■ **The data**:
lemma output_row_norm_lower:
  assumes "1 \<le> r" and ball: "\<And>k. 1 \<le> k \<Longrightarrow> k \<le> L \<Longrightarrow> frob dims V k \<le> r"
    and "0 \<le> \<delta>" "a < n" "\<delta> \<le> forward dims V (signed_sample y x a) L 0"
  shows "(\<delta> / r)\<^sup>2 \<le> (\<Sum>i<dims 1. (output_row V i)\<^sup>2)"
proof -
  let ?h = "forward dims V (signed_sample y x a) 1" and ?C = "\<Sum>i<dims 1. (output_row V i)\<^sup>2"
  have "L2_set ?h {..<dims 1} \<le> r ^ 1 * L2_set (signed_sample y x a) {..<dims 0}"
    using ball L_pos by (intro L2_forward_le) auto
  also have "\<dots> \<le> r"
    using sample_norm_le[OF \<open>a < n\<close>] \<open>1 \<le> r\<close> by (simp add: mult_left_le)
  finally have h: "(\<Sum>i<dims 1. (?h i)\<^sup>2) \<le> r\<^sup>2"
    by (metis L2_set_squared L2_set_nonneg power_mono)
  have "\<delta>\<^sup>2 \<le> (forward dims V (signed_sample y x a) L 0)\<^sup>2"
    using assms(3,5) by (intro power_mono) auto
  also have "\<dots> \<le> (\<Sum>i<dims 1. (?h i)\<^sup>2) * ?C"
    unfolding forward_output_eq by (rule Cauchy_Schwarz_ineq_sum)
  also have "\<dots> \<le> r\<^sup>2 * ?C"
    using h by (rule mult_right_mono) (simp add: sum_nonneg)
  finally show ?thesis
    using \<open>1 \<le> r\<close> by (simp add: power_divide divide_le_eq mult.commute)
qed
lemma closed_dual_equilibria:
  fixes K :: "'a::t2_space set" and f :: "'a \<Rightarrow> 'a \<Rightarrow> 'b::real_normed_vector"
  assumes "closed K" "closed C" "\<And>y x. isCont (f y) x"
  shows "closed {x \<in> K. \<forall>y\<in>K. f y x \<in> uminus ` C}"
proof -
  have "{x \<in> K. \<forall>y\<in>K. f y x \<in> uminus ` C} = K \<inter> (\<Inter>y\<in>K. f y -` uminus ` C)" by auto
  moreover have "closed (f y -` uminus ` C)" for y
    by (rule continuous_closed_vimage[OF closed_negations[OF assms(2)] assms(3)])
  ultimately show ?thesis using assms(1) by (simp add: closed_Int closed_INT)
qed

lemma convex_dual_equilibria:
  fixes K :: "'a::real_vector set" and f :: "'a \<Rightarrow> 'a \<Rightarrow> 'b::real_vector"
  assumes "convex K" "convex C" "cone C" "\<And>y. C_convex C (f y)"
  shows "convex {x \<in> K. \<forall>y\<in>K. f y x \<in> uminus ` C}"
proof (rule convexI)
  fix p q :: 'a and u v :: real
  assume p: "p \<in> {x \<in> K. \<forall>y\<in>K. f y x \<in> uminus ` C}" and q: "q \<in> {x \<in> K. \<forall>y\<in>K. f y x \<in> uminus ` C}"
    and uv: "0 \<le> u" "0 \<le> v" "u + v = 1"
  have v: "v = 1 - u" using uv(3) by simp
  have add_C: "\<forall>a\<in>C. \<forall>b\<in>C. a + b \<in> C" using convex_cone[of C] assms(2,3) by simp
  have "f y (u *\<^sub>R p + v *\<^sub>R q) \<in> uminus ` C" if "y \<in> K" for y
  proof -
    obtain cp cq where cpq: "cp \<in> C" "cq \<in> C" "f y p = - cp" "f y q = - cq"
      using p q \<open>y \<in> K\<close> by blast
    have "u *\<^sub>R cp + v *\<^sub>R cq \<in> C" by (rule convexD[OF assms(2) cpq(1,2) uv])
    moreover have "(u *\<^sub>R f y p + v *\<^sub>R f y q) - f y (u *\<^sub>R p + v *\<^sub>R q) \<in> C"
      using assms(4)[of y] uv unfolding C_convex_def v by simp
    ultimately have "(u *\<^sub>R cp + v *\<^sub>R cq) + ((u *\<^sub>R f y p + v *\<^sub>R f y q) - f y (u *\<^sub>R p + v *\<^sub>R q)) \<in> C"
      using add_C by blast
    moreover have "(u *\<^sub>R cp + v *\<^sub>R cq) + ((u *\<^sub>R f y p + v *\<^sub>R f y q) - f y (u *\<^sub>R p + v *\<^sub>R q))
        = - f y (u *\<^sub>R p + v *\<^sub>R q)"
      by (simp add: cpq(3,4))
    ultimately show ?thesis by (metis image_eqI minus_minus)
  qed
  moreover have "u *\<^sub>R p + v *\<^sub>R q \<in> K" using p q uv by (intro convexD[OF assms(1)]) simp_all
  ultimately show "u *\<^sub>R p + v *\<^sub>R q \<in> {x \<in> K. \<forall>y\<in>K. f y x \<in> uminus ` C}" by blast
qed
lemma ip_Jp_slope_eq_integral:
  "ip (-1/2) (Jp m) (\<lambda>x. T 1 - T x)
    = (-1) ^ m * integral {0..pi} (\<lambda>t. sin t * slope_at_1 (- cos t) * sin (real (Suc m) * t + 0)) / pi"
proof -
  have "ip (-1/2) (Jp m) (\<lambda>x. T 1 - T x)
      = integral {0..pi} (\<lambda>t. Jp m (- cos t) * (T 1 - T (- cos t)) * (1 - cos t)) / pi"
    by (rule ip_minus_half_eq_integral_neg_cos) (intro continuous_intros T_cont)
  also have "(\<lambda>t. Jp m (- cos t) * (T 1 - T (- cos t)) * (1 - cos t))
      = (\<lambda>t. (-1) ^ m * (sin t * slope_at_1 (- cos t) * sin (real (Suc m) * t + 0)))"
  proof
    fix t
    have slope: "T 1 - T (- cos t) = slope_at_1 (- cos t) * (1 + cos t)"
      by (simp add: slope_at_1_def)
    have "Jp m (- cos t) * (T 1 - T (- cos t)) * (1 - cos t)
        = slope_at_1 (- cos t) * (Jp m (- cos t) * ((1 + cos t) * (1 - cos t)))"
      unfolding slope by (simp only: mult_ac)
    also have "\<dots> = (-1) ^ m * (sin t * slope_at_1 (- cos t) * sin (real (Suc m) * t + 0))"
      unfolding Jp_neg_cos_mult_sin_sq by (simp add: ac_simps)
    finally show "Jp m (- cos t) * (T 1 - T (- cos t)) * (1 - cos t)
        = (-1) ^ m * (sin t * slope_at_1 (- cos t) * sin (real (Suc m) * t + 0))" .
  qed
  finally show ?thesis
    by simp
qed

■ **What is needed**: Return from the data every line that holds "rule".

■ **Solution to this task**:
    unfolding forward_output_eq by (rule Cauchy_Schwarz_ineq_sum)
    using h by (rule mult_right_mono) (simp add: sum_nonneg)
    by (rule continuous_closed_vimage[OF closed_negations[OF assms(2)] assms(3)])
proof (rule convexI)
    have "u *\<^sub>R cp + v *\<^sub>R cq \<in> C" by (rule convexD[OF assms(2) cpq(1,2) uv])
    by (rule ip_minus_half_eq_integral_neg_cos) (intro continuous_intros T_cont)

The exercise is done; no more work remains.